Stored data →
lemma dist_num_caseG8:
  assumes g: "graph V E" and iso: "twin_iso V E K4e 4 \<phi>"
    and types: "typeN E (\<phi> 0)" "type1K E (\<phi> 1)" "typeK E (\<phi> 2)" "type1 (\<phi> 3)"
  shows "dist_num V E + 3 \<le> card V"
proof -
  obtain y where y: "\<phi> 3 = {y}"
    using types(4) by (rule type1_obtain)
  have four: "{..<4::nat} = {0, 1, 2, 3}"
    by auto
  have not_KN: "\<not> typeK E (\<phi> 3)" "\<not> typeN E (\<phi> 1)"
    using types type1_not_typeK type1K_not_typeN by blast+
  show ?thesis
  proof (rule dist_num_le_by_pinning[OF g iso, of "[y]"])
    show "set [y] \<subseteq> V"
      using twin_iso_subset[OF iso, of 3] y by simp
  next
    fix f assume f: "is_aut V E f" and "\<forall>w\<in>set [y]. f w = w"
    then have "f y = y" by simp
    note linked = invariant_classes_linked[OF g iso f]
    note diff = invariant_classes_Diff[OF g iso]
    have all: "invariant_under V f (\<Union>(\<phi> ` {0, 1, 2, 3}))"
      using invariant_classes_all[OF iso f] by (simp add: four)
    have c3: "invariant_under V f (\<Union>(\<phi> ` {3}))"
      by (rule invariant_classes_fixed_point[OF iso f _ y \<open>f y = y\<close>]) simp
    have c01: "invariant_under V f (\<Union>(\<phi> ` {0, 1}))"
      by (rule linked[OF _ _ _ all c3, where b = True])
        (auto simp: K4e_def pat_adj_def not_KN types)
    have c0: "invariant_under V f (\<Union>(\<phi> ` {0}))"
      by (rule linked[OF _ _ _ c01 c01, where b = False])
        (use type1K_cases[OF types(2)] in \<open>auto simp: K4e_def pat_adj_def not_KN[simplified] types\<close>)
    have c1: "invariant_under V f (\<Union>(\<phi> ` {1}))"
      by (rule diff[OF _ _ c01 c0]) auto
    have c2: "invariant_under V f (\<Union>(\<phi> ` {2}))"
      by (rule diff[OF _ _ diff[OF _ _ all c01 refl] c3]) auto
    show "\<forall>i\<in>{..<4}. invariant_under V f (\<phi> i)"
      using c0 c1 c2 c3 by (auto simp: four)
  next
    show "\<forall>k\<in>{..<4}. card (\<phi> k) + length [y] + 3 \<le> (\<Sum>i<4. card (\<phi> i))"
      using typeK_card[OF types(3)] type1K_card[OF types(2)] type1_card[OF types(4)] types(1)
      unfolding typeN_def by (simp add: four)
  qed simp_all
qed

lemma dist_num_caseG9:
  assumes g: "graph V E" and iso: "twin_iso V E C4 4 \<phi>"
    and types: "typeK E (\<phi> 0)" "typeK E (\<phi> 1)" "type1 (\<phi> 2)" "type1 (\<phi> 3)"
  shows "dist_num V E + 3 \<le> card V"
proof -
  obtain x where x: "\<phi> 2 = {x}"
    using types(3) by (rule type1_obtain)
  have four: "{..<4::nat} = {0, 1, 2, 3}"
    by auto
  have not_K: "\<not> typeK E (\<phi> 2)" "\<not> typeK E (\<phi> 3)"
    using types type1_not_typeK by blast+
  show ?thesis
  proof (rule dist_num_le_by_pinning[OF g iso, of "[x]"])
    show "set [x] \<subseteq> V"
      using twin_iso_subset[OF iso, of 2] x by simp
  next
    fix f assume f: "is_aut V E f" and "\<forall>w\<in>set [x]. f w = w"
    then have "f x = x" by simp
    note linked = invariant_classes_linked[OF g iso f]
    note diff = invariant_classes_Diff[OF g iso]
    have all: "invariant_under V f (\<Union>(\<phi> ` {0, 1, 2, 3}))"
      using invariant_classes_all[OF iso f] by (simp add: four)
    have c2: "invariant_under V f (\<Union>(\<phi> ` {2}))"
      by (rule invariant_classes_fixed_point[OF iso f _ x \<open>f x = x\<close>]) simp
    have c13: "invariant_under V f (\<Union>(\<phi> ` {1, 3}))"
      by (rule linked[OF _ _ _ all c2, where b = True])
        (auto simp: C4_def pat_adj_def not_K types[simplified])
    have c0: "invariant_under V f (\<Union>(\<phi> ` {0}))"
      by (rule diff[OF _ _ diff[OF _ _ all c13 refl] c2]) auto
    have c1: "invariant_under V f (\<Union>(\<phi> ` {1}))"
      by (rule linked[OF _ _ _ c13 c13, where b = True])
        (auto simp: C4_def pat_adj_def not_K types[simplified])
    have c3: "invariant_under V f (\<Union>(\<phi> ` {3}))"
      by (rule diff[OF _ _ c13 c1]) auto
    show "\<forall>i\<in>{..<4}. invariant_under V f (\<phi> i)"
      using c0 c1 c2 c3 by (auto simp: four)
  next
    show "\<forall>k\<in>{..<4}. card (\<phi> k) + length [x] + 3 \<le> (\<Sum>i<4. card (\<phi> i))"
      using typeK_card[OF types(1)] typeK_card[OF types(2)]
        type1_card[OF types(3)] type1_card[OF types(4)]
      by (simp add: four)
  qed simp_all
qed

lemma dist_num_caseG10:
  assumes g: "graph V E" and iso: "twin_iso V E C4_K1 5 \<phi>"
    and types: "typeK E (\<phi> 0)" "typeK E (\<phi> 1)" "type1 (\<phi> 2)" "type1 (\<phi> 3)" "type1K E (\<phi> 4)"
  shows "dist_num V E + 3 \<le> card V"
proof -
  obtain x where x: "\<phi> 2 = {x}"
    using types(3) by (rule type1_obtain)
  obtain y where y: "\<phi> 3 = {y}"
    using types(4) by (rule type1_obtain)
  have five: "{..<5::nat} = {0, 1, 2, 3, 4}"
    by auto
  have not_K: "\<not> typeK E (\<phi> 2)" "\<not> typeK E (\<phi> 3)"
    using types type1_not_typeK by blast+
  show ?thesis
  proof (rule dist_num_le_by_pinning[OF g iso, of "[x, y]"])
    show "distinct [x, y]"
      using twin_iso_disjoint[OF g iso, of 2 3 x] x y by auto
    show "set [x, y] \<subseteq> V"
      using twin_iso_subset[OF iso, of 2] twin_iso_subset[OF iso, of 3] x y by simp
  next
    fix f assume f: "is_aut V E f" and "\<forall>w\<in>set [x, y]. f w = w"
    then have "f x = x" "f y = y" by simp_all
    note linked = invariant_classes_linked[OF g iso f]
    note diff = invariant_classes_Diff[OF g iso]
    have all: "invariant_under V f (\<Union>(\<phi> ` {0, 1, 2, 3, 4}))"
      using invariant_classes_all[OF iso f] by (simp add: five)
    have c2: "invariant_under V f (\<Union>(\<phi> ` {2}))"
      by (rule invariant_classes_fixed_point[OF iso f _ x \<open>f x = x\<close>]) simp
    have c3: "invariant_under V f (\<Union>(\<phi> ` {3}))"
      by (rule invariant_classes_fixed_point[OF iso f _ y \<open>f y = y\<close>]) simp
    have c134: "invariant_under V f (\<Union>(\<phi> ` {1, 3, 4}))"
      by (rule linked[OF _ _ _ all c2, where b = True])
        (auto simp: C4_K1_def pat_adj_def not_K types)
    have c024: "invariant_under V f (\<Union>(\<phi> ` {0, 2, 4}))"
      by (rule linked[OF _ _ _ all c3, where b = True])
        (auto simp: C4_K1_def pat_adj_def not_K types)
    have c0: "invariant_under V f (\<Union>(\<phi> ` {0}))"
      by (rule diff[OF _ _ diff[OF _ _ c024 c134 refl] c2]) auto
    have c1: "invariant_under V f (\<Union>(\<phi> ` {1}))"
      by (rule diff[OF _ _ diff[OF _ _ c134 c024 refl] c3]) auto
    have c4: "invariant_under V f (\<Union>(\<phi> ` {4}))"
      by (rule diff[OF _ _ diff[OF _ _ c134 c1 refl] c3]) auto
    show "\<forall>i\<in>{..<5}. invariant_under V f (\<phi> i)"
      using c0 c1 c2 c3 c4 by (auto simp: five)
  next
    show "\<forall>k\<in>{..<5}. card (\<phi> k) + length [x, y] + 3 \<le> (\<Sum>i<5. card (\<phi> i))"
      using typeK_card[OF types(1)] typeK_card[OF types(2)] type1_card[OF types(3)]
        type1_card[OF types(4)] type1K_card[OF types(5)]
      by (simp add: five)
  qed simp_all
qed

theorem lemma4p10:
  fixes V :: "'a set" and E :: "'a \<Rightarrow> 'a \<Rightarrow> bool"
  assumes "graph V E"
    and "caseG7 V E \<or> caseG8 V E \<or> caseG9 V E \<or> caseG10 V E"
  shows "int (dist_num V E) \<noteq> int (card V) - 2"
proof -
  have "dist_num V E + 3 \<le> card V"
    using assms(2)
  proof (elim disjE)
    assume "caseG7 V E"
    then show ?thesis
      unfolding caseG7_def using dist_num_caseG7[OF assms(1)] by blast
  next
    assume "caseG8 V E"
    then show ?thesis
      unfolding caseG8_def using dist_num_caseG8[OF assms(1)] by blast
  next
    assume "caseG9 V E"
    then show ?thesis
      unfolding caseG9_def using dist_num_caseG9[OF assms(1)] by blast
  next
    assume "caseG10 V E"
    then show ?thesis
      unfolding caseG10_def using dist_num_caseG10[OF assms(1)] by blast
  qed
  then show ?thesis
    by linarith
qed

end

What this task involves → Review the preceding data and report every line that includes the string "assumes".

Solved problem →
  assumes g: "graph V E" and iso: "twin_iso V E K4e 4 \<phi>"
  assumes g: "graph V E" and iso: "twin_iso V E C4 4 \<phi>"
  assumes g: "graph V E" and iso: "twin_iso V E C4_K1 5 \<phi>"
  assumes "graph V E"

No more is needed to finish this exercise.